Question

Particle A and particle B are held together with a compressed spring between them. When they are released, the spring pushes them apart, and they then fly off in opposite directions, free of the spring. The mass of A is 3.00 times the mass of B, and the energy stored in the spring was 132 J. Assume that the spring has negligible mass and that all its stored energy is transferred to the particles.
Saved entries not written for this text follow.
lemma has_grad_chain:
  fixes g :: "real list \<Rightarrow> real" and f :: "nat \<Rightarrow> real \<Rightarrow> real"
  assumes grad: "has_grad g D p" and len: "length p = k"
    and deriv: "\<And>i. i < k \<Longrightarrow> (f i has_real_derivative f' i) (at t0)"
    and start: "\<And>i. i < k \<Longrightarrow> f i t0 = p ! i"
  shows "((\<lambda>t. g (map (\<lambda>i. f i t) [0..<k])) has_real_derivative (\<Sum>i<k. D ! i * f' i)) (at t0)"
proof -
  define v where "v t = map (\<lambda>i. f i t) [0..<k]" for t
  define r where "r t = g (v t) - g p - (\<Sum>i<k. D ! i * (f i t - f i t0))" for t
  have lnorm_increment: "lnorm (map2 (-) (v t) p) = L2_set (\<lambda>i. f i t - f i t0) {..<k}" for t
  proof -
    have "map2 (-) (v t) p = map (\<lambda>i. f i t - f i t0) [0..<k]"
      using len start by (intro nth_equalityI) (auto simp: v_def)
    then show ?thesis by (simp add: lnorm_map_upt)
  qed
  define M where "M = L2_set f' {..<k} + 1"
  have "M > 0" by (simp add: M_def L2_set_nonneg add_nonneg_pos)
  have lipschitz: "\<forall>\<^sub>F t in at t0. lnorm (map2 (-) (v t) p) \<le> M * \<bar>t - t0\<bar>"
  proof -
    have "((\<lambda>t. L2_set (\<lambda>i. f i t - f i t0) {..<k} / \<bar>t - t0\<bar>) \<longlongrightarrow> L2_set f' {..<k}) (at t0)"
      using deriv by (rule L2_set_difference_quotient_tendsto)
    then have "\<forall>\<^sub>F t in at t0. L2_set (\<lambda>i. f i t - f i t0) {..<k} / \<bar>t - t0\<bar> < M"
      by (rule order_tendstoD) (simp add: M_def)
    moreover have "\<forall>\<^sub>F t in at t0. t \<noteq> t0" by (rule eventually_at_filter[THEN iffD2]) simp
    ultimately show ?thesis
      by eventually_elim (simp add: lnorm_increment divide_less_eq less_imp_le)
  qed
  have "((\<lambda>t. r t / (t - t0)) \<longlongrightarrow> 0) (at t0)"
    \<comment> \<open>r is o(lnorm (v t - p)) by Frechet differentiability, and lnorm (v t - p) = O(|t - t0|)\<close>
  proof (rule tendstoI)
    fix e :: real assume "e > 0"
    then have "e / (2 * M) > 0"
      using \<open>M > 0\<close> by simp
    with grad obtain \<delta> where "\<delta> > 0" and remainder: "\<And>w. length w = length p \<Longrightarrow>
        lnorm (map2 (-) w p) < \<delta> \<Longrightarrow>
        \<bar>g w - g p - (\<Sum>i<length p. D ! i * (w ! i - p ! i))\<bar> \<le> e / (2 * M) * lnorm (map2 (-) w p)"
      unfolding has_grad_def by blast
    have "\<forall>\<^sub>F t in at t0. dist t t0 < \<delta> / M"
      using \<open>\<delta> > 0\<close> \<open>M > 0\<close> by (intro tendstoD[OF tendsto_ident_at]) simp
    with lipschitz show "\<forall>\<^sub>F t in at t0. dist (r t / (t - t0)) 0 < e"
    proof eventually_elim
      case (elim t)
      then have "lnorm (map2 (-) (v t) p) < \<delta>"
        using \<open>M > 0\<close> by (simp add: dist_real_def pos_less_divide_eq mult.commute)
      moreover have "length (v t) = length p"
        using len by (simp add: v_def)
      moreover have "(\<Sum>i<length p. D ! i * (v t ! i - p ! i)) = (\<Sum>i<k. D ! i * (f i t - f i t0))"
        using len start by (intro sum.cong) (auto simp: v_def)
      ultimately have "\<bar>r t\<bar> \<le> e / (2 * M) * lnorm (map2 (-) (v t) p)"
        using remainder[of "v t"] by (simp only: r_def)
      also have "\<dots> \<le> e / (2 * M) * (M * \<bar>t - t0\<bar>)"
        using elim \<open>e > 0\<close> \<open>M > 0\<close> by (intro mult_left_mono) auto
      also have "\<dots> = e / 2 * \<bar>t - t0\<bar>"
        using \<open>M > 0\<close> by simp
      finally have "\<bar>r t\<bar> \<le> e / 2 * \<bar>t - t0\<bar>" .
      moreover have "t \<noteq> t0 \<Longrightarrow> e / 2 * \<bar>t - t0\<bar> < e * \<bar>t - t0\<bar>"
        using \<open>e > 0\<close> by simp
      ultimately have "t \<noteq> t0 \<Longrightarrow> \<bar>r t\<bar> < e * \<bar>t - t0\<bar>"
        by linarith
      then show ?case
        using \<open>e > 0\<close> by (cases "t = t0") (auto simp: dist_real_def abs_divide pos_divide_less_eq)
    qed
  qed
  moreover have "v t0 = p"
    using len start by (intro nth_equalityI) (auto simp: v_def)
  then have "r t0 = 0"
    by (simp add: r_def)
  ultimately have "(r has_real_derivative 0) (at t0)"
    by (simp add: has_field_derivative_iff)
  then have "((\<lambda>t. g p + (\<Sum>i<k. D ! i * (f i t - f i t0)) + r t) has_real_derivative
      (\<Sum>i<k. D ! i * f' i)) (at t0)"
    by (auto intro!: derivative_eq_intros deriv simp: mult.commute)
  then show ?thesis
    unfolding r_def v_def by simp
qed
Once that transfer is complete, what are the kinetic energies of each particle A and B in Joules?

Answer 1

Answer:

$KE_A=33\ J$

$KE_B=99\ J$

Explanation:

Given:

Let mass of the particle B be, $m_B=m$

then the mass of particle A, $m_A=3m$

Energy stored in the compressed spring, $E=132\ J$

Now when the compression of the particles with the spring is released, the spring potential energy must get converted into the kinetic energy of the particles and their momentum must be conserved.

Kinetic energy:

$\frac{1}{2}m_A.v_A^2+\frac{1}{2}m_B.v_B^2=132$

$3m.v_A^2+m.v_B^2=264$ .............................(1)
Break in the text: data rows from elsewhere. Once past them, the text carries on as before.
theorem mainTheorem3:
  fixes M :: "'a measure" and X :: "nat \<Rightarrow> 'a \<Rightarrow> int" and F :: "int \<Rightarrow> real"
    and \<xi> r :: real
  assumes "prob_space M"
    and indep: "prob_space.indep_vars M (\<lambda>_. count_space UNIV) X UNIV"
    and ident: "\<And>i. distr M (count_space UNIV) (X i) = distr M (count_space UNIV) (X 0)"
    and F_def: "\<And>x. F x = measure M {w \<in> space M. X 0 w \<le> x}"
    and not_half_pos: "measure M {w \<in> space M. X 0 w > 0} > 0"
    and not_half_neg: "measure M {w \<in> space M. X 0 w < 0} > 0"
    and integrable: "integrable M (\<lambda>w. real_of_int (X 0 w))"
    and neg_mean: "(\<integral>w. real_of_int (X 0 w) \<partial>M) < 0"
    and \<xi>: "0 < \<xi>" "\<xi> < 1" and r: "0 < r" "r < 1"
    and left_tail: "\<And>x::int. x \<le> 0 \<Longrightarrow> F x = \<xi> * r ^ nat (- x)"
  shows "(1 - ladder_zeta M X) * measure M {w \<in> space M. \<exists>n. walk X n w > 0}
           = r + (1 - r) * (\<integral>w. real_of_int (X 0 w) \<partial>M)
       \<and> (\<forall>x::int. 1 \<le> x \<longrightarrow>
           (1 - ladder_zeta M X) * ladder_L M X {0<..x}
           = F x - F 0 + (1 - r) * (\<Sum>m=1..x. 1 - F m))"
proof -
  interpret iid_walk_geometric_left_tail M X F \<xi> r
    by (intro iid_walk_geometric_left_tail.intro iid_walk.intro iid_walk_axioms.intro
        iid_walk_geometric_left_tail_axioms.intro assms)
  have "1 - ladder_zeta M X = r"
    by (simp add: ladder_zeta_eq)
  then show ?thesis
    using prob_ascent_eq ladder_L_interval by simp
qed

end
(* Let $G$ be a cograph. A coloring $\sigma$ of $G$ is recursively minimal if and only if it is an hc-coloring.
   Context: All graphs are finite, simple and undirected. A (proper vertex) coloring of $G=(V,E)$ is a surjective map $\sigma:V\to S$ with $\sigma(x)\neq\sigma(y)$ whenever $xy\in E$; $\chi(G)$ is the chromatic number. A cograph is a graph that is $K_1$, or a disjoint union of cographs, or a join of cographs. Color-minimal cographs are colored graphs $(G,\sigma)$ ($\sigma$ a proper coloring) defined recursively: $(G,\sigma)$ is color-minimal if $|\sigma(V)|=\chi(G)$ and either $G=K_1$, or $G$ is the disjoint union, or the join, of at least two graphs $G_i$ such that each $(G_i,\sigma|_{V(G_i)})$ is a color-minimal cograph. A coloring $\sigma$ of $G$ is recursively minimal if $(G,\sigma)$ is a color-minimal cograph. A cotree $(T,t)$ of a cograph $G$ is a rooted tree $T$ with leaf set $V$ and a labeling $t:V^0(T)\to\{0,1\}$ of its inner vertices such that for every inner vertex $u$, $G(u):=G[L(T(u))]$ (with $L(T(u))$ the leaves descending from $u$) is the disjoint union (if $t(u)=0$) or the join (if $t(u)=1$) of the graphs $G(v)$, $v$ a child of $u$. It is binary if every inner vertex has exactly two children. A coloring $\sigma$ is an hc-coloring with respect to a binary cotree $(T,t)$ if for every inner vertex $u$ with children $v_1,v_2$: if $t(u)=1$ then $\sigma(L(T(v_1)))\cap\sigma(L(T(v_2)))=\emptyset$, and if $t(u)=0$ then one of $\sigma(L(T(v_1)))$, $\sigma(L(T(v_2)))$ contains the other. A coloring of $G$ is an hc-coloring of $G$ if it is an hc-coloring with respect to some binary cotree of $G$. *)

theory Defs
  imports Main "HOL-Library.Disjoint_Sets"
begin

text \<open>A graph is a pair (V, E) with vertex set V and edge set E consisting of
  two-element sets {x,y} (simple, undirected).\<close>
type_synonym 'a graph = "'a set \<times> 'a set set"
Using the conservation of linear momentum:

$m_A.v_A+m_B.v_B=0$

$3m.v_A+m.v_B=0$ .............................(2)

Put the value of $v_A$ from eq. (2) into eq. (1)

$3m\times (\frac{-v_B}{3})^2+m.v_B^2=264$

$v_B^2=\frac{198}{m}$  ...........................(3)
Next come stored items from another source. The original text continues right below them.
lemma mult_eq_malcev: "x \<cdot> y = malcev (x \<cdot> (e \<cdot> e)) y (e \<cdot> e)"
proof -
  have "malcev (x \<cdot> (e \<cdot> e)) y (e \<cdot> e)
      = ((x \<cdot> (e \<cdot> e)) \<cdot> (e \<cdot> e)) \<cdot> ((y \<cdot> (e \<cdot> e)) \<cdot> (e \<cdot> e))"
    by (rule malcev_indep)
  also have "\<dots> = x \<cdot> y" by (simp only: right_involution)
  finally show ?thesis by simp
qed

end

fun nat_mult :: "nat \<Rightarrow> 'a::monoid_add \<Rightarrow> 'a" where
  "nat_mult 0 x = 0"
| "nat_mult (Suc n) x = x + nat_mult n x"

lemma nat_mult_add: "nat_mult (a + b) x = nat_mult a x + nat_mult b x"
  by (induction a) (simp_all add: add.assoc)

definition int_mult :: "int \<Rightarrow> 'a::ab_group_add \<Rightarrow> 'a" where
  "int_mult k x = nat_mult (nat k) x - nat_mult (nat (- k)) x"

lemma int_mult_int_diff: "int_mult (int a - int b) x = nat_mult a x - nat_mult b x"
proof -
  let ?k = "int a - int b"
  have "nat ?k + b = nat (- ?k) + a" by simp
  then have "nat_mult (nat ?k) x + nat_mult b x = nat_mult (nat (- ?k)) x + nat_mult a x"
    by (metis nat_mult_add)
  then show ?thesis unfolding int_mult_def by (simp add: algebra_simps)
qed

lemma int_mult_add: "int_mult (k + l) x = int_mult k x + int_mult l x"
proof -
  obtain a b c d where "k = int a - int b" and "l = int c - int d"
    by (metis int_diff_cases)
  moreover have "int a - int b + (int c - int d) = int (a + c) - int (b + d)" by simp
  ultimately show ?thesis by (simp only: int_mult_int_diff nat_mult_add) simp
qed

lemma int_mult_diff: "int_mult (k - l) x = int_mult k x - int_mult l x"
  using int_mult_add[of "k - l" l x] by (simp add: eq_diff_eq)

lemma int_mult_0 [simp]: "int_mult 0 x = 0"
  by (simp add: int_mult_def)

lemma int_mult_1 [simp]: "int_mult 1 x = x"
  by (simp add: int_mult_def)

lemma (in additive) int_mult: "f (int_mult k x) = int_mult k (f x)"
proof -
  have "f (nat_mult n x) = nat_mult n (f x)" for n
    by (induction n) (simp_all add: zero add)
  then show ?thesis by (simp add: int_mult_def diff)
qed

fun vars :: "gterm \<Rightarrow> nat set" where
  "vars (Var n) = {n}"
| "vars (Op s t) = vars s \<union> vars t"

lemma finite_vars: "finite (vars t)"
  by (induction t) auto

text \<open>
In an affine groupoid \<open>x\<cdot>y = \<phi> x - y + c\<close>, a term evaluates to the combination with
coefficient \<open>lin_coeff t n\<close> on the \<open>n\<close>-th variable, \<open>phi_coeff t n\<close> on its image under \<open>\<phi>\<close>,
and the two components of \<open>const_coeffs t\<close> on \<open>c\<close> and \<open>\<phi> c\<close>.
\<close>

fun lin_coeff :: "gterm \<Rightarrow> nat \<Rightarrow> int" and phi_coeff :: "gterm \<Rightarrow> nat \<Rightarrow> int" where
  "lin_coeff (Var m) n = (if n = m then 1 else 0)"
| "phi_coeff (Var m) n = 0"
| "lin_coeff (Op s t) n = phi_coeff s n - lin_coeff t n"
| "phi_coeff (Op s t) n = lin_coeff s n - phi_coeff t n"

fun const_coeffs :: "gterm \<Rightarrow> int \<times> int" where
  "const_coeffs (Var m) = (0, 0)"
| "const_coeffs (Op s t) =
     (snd (const_coeffs s) - fst (const_coeffs t) + 1, fst (const_coeffs s) - snd (const_coeffs t))"

lemma eval_affine:
  fixes \<phi> :: "'a::ab_group_add \<Rightarrow> 'a"
  assumes "additive \<phi>" and "\<And>x. \<phi> (\<phi> x) = x" and "finite V" and "vars t \<subseteq> V"
  shows "eval (\<lambda>x y. \<phi> x - y + c) v t =
    (\<Sum>n\<in>V. int_mult (lin_coeff t n) (v n) + int_mult (phi_coeff t n) (\<phi> (v n)))
    + int_mult (fst (const_coeffs t)) c + int_mult (snd (const_coeffs t)) (\<phi> c)"
  using assms(4)
proof (induction t)
  case (Var m)
  have "(\<Sum>n\<in>V. int_mult (if n = m then 1 else 0) (v n)) = (\<Sum>n\<in>V. if n = m then v n else 0)"
    by (rule sum.cong) auto
  then show ?case using Var assms(3) by simp
next
  case (Op s t)
  interpret additive \<phi> by (fact assms(1))
  show ?case
    using Op by (simp add: add diff sum int_mult assms(2) int_mult_add int_mult_diff
        sum.distrib sum_subtractf algebra_simps)
qed

lemma const_coeffs_sums:
  assumes "finite V" and "vars t \<subseteq> V"
  shows "fst (const_coeffs t) - 2 * snd (const_coeffs t) = (\<Sum>n\<in>V. phi_coeff t n) \<and>
    snd (const_coeffs t) - 2 * fst (const_coeffs t) = (\<Sum>n\<in>V. lin_coeff t n) - 1"
  using assms(2)
proof (induction t)
  case (Var m)
  then show ?case using assms(1) by (simp add: sum.delta)
next
  case (Op s t)
  then show ?case by (simp add: sum_subtractf)
qed

lemma eval_minus_indicator:
  "eval (\<lambda>x y::int. x - y) (\<lambda>m. if m = n then 1 else 0) t = lin_coeff t n + phi_coeff t n"
  by (induction t) auto

lemma eval_neg_minus_indicator:
  "eval (\<lambda>x y::int. - x - y) (\<lambda>m. if m = n then 1 else 0) t = lin_coeff t n - phi_coeff t n"
  by (induction t) auto

lemma Sigma24_coeffs:
  assumes "(s, t) \<in> Sigma24"
  shows "lin_coeff s = lin_coeff t" and "phi_coeff s = phi_coeff t"
    and "const_coeffs s = const_coeffs t"
proof -
  have "lin_coeff s n = lin_coeff t n \<and> phi_coeff s n = phi_coeff t n" for n
  proof -
    let ?\<delta> = "\<lambda>m. if m = n then 1 else 0 :: int"
    have "eval (\<lambda>x y. x - y) ?\<delta> s = eval (\<lambda>x y. x - y) ?\<delta> t"
      and "eval (\<lambda>x y. - x - y) ?\<delta> s = eval (\<lambda>x y. - x - y) ?\<delta> t"
      using assms by (simp_all add: Sigma24_def satisfies_def)
    then show ?thesis by (simp add: eval_minus_indicator eval_neg_minus_indicator)
  qed
  then show lin: "lin_coeff s = lin_coeff t" and phi: "phi_coeff s = phi_coeff t" by auto
  let ?V = "vars s \<union> vars t"
  have "finite ?V" by (simp add: finite_vars)
  then show "const_coeffs s = const_coeffs t"
    using const_coeffs_sums[of ?V s] const_coeffs_sums[of ?V t] lin phi
    by (cases "const_coeffs s"; cases "const_coeffs t") auto
qed

lemma Sigma24_eval_affine:
  fixes \<phi> :: "'a::ab_group_add \<Rightarrow> 'a"
  assumes "(s, t) \<in> Sigma24" and "additive \<phi>" and "\<And>x. \<phi> (\<phi> x) = x"
  shows "eval (\<lambda>x y. \<phi> x - y + c) v s = eval (\<lambda>x y. \<phi> x - y + c) v t"
proof -
  let ?V = "vars s \<union> vars t"
  have "finite ?V" by (simp add: finite_vars)
  then show ?thesis
    using eval_affine[OF assms(2,3), of ?V s] eval_affine[OF assms(2,3), of ?V t]
      Sigma24_coeffs[OF assms(1)] by simp
qed

lemma derivable_equivp: "equivp (derivable E)"
  by (rule equivpI) (auto simp: reflp_def symp_def transp_def intro: derivable.intros)

quotient_type E12_term = gterm / "derivable {E1, E2}"
  by (rule derivable_equivp)

lift_definition term_op :: "E12_term \<Rightarrow> E12_term \<Rightarrow> E12_term" is Op
  by (rule derivable.cong)

lemma derivable_instance:
  assumes "e \<in> E"
  shows "derivable E (subst \<sigma> (fst e)) (subst \<sigma> (snd e))"
  using assms derivable.ax[of "fst e" "snd e"] by simp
Now the kinetic energy of particle B:

$KE_B=\frac{1}{2}\times m_B\times v_B^2$

$KE_B=\frac{1}{2}\times m\times \frac{198}{m}$

$KE_B=99\ J$

Put the value of $v_B^2$ form eq. (3) into eq. (1):

$v_A^2=\frac{22}{m}$

Now the kinetic energy of particle A:

$KE_A=\frac{1}{2}m_A.v_A^2$

$KE_B=\frac{1}{2}\times 3m\times \frac{22}{m}$

$KE_A=33\ J$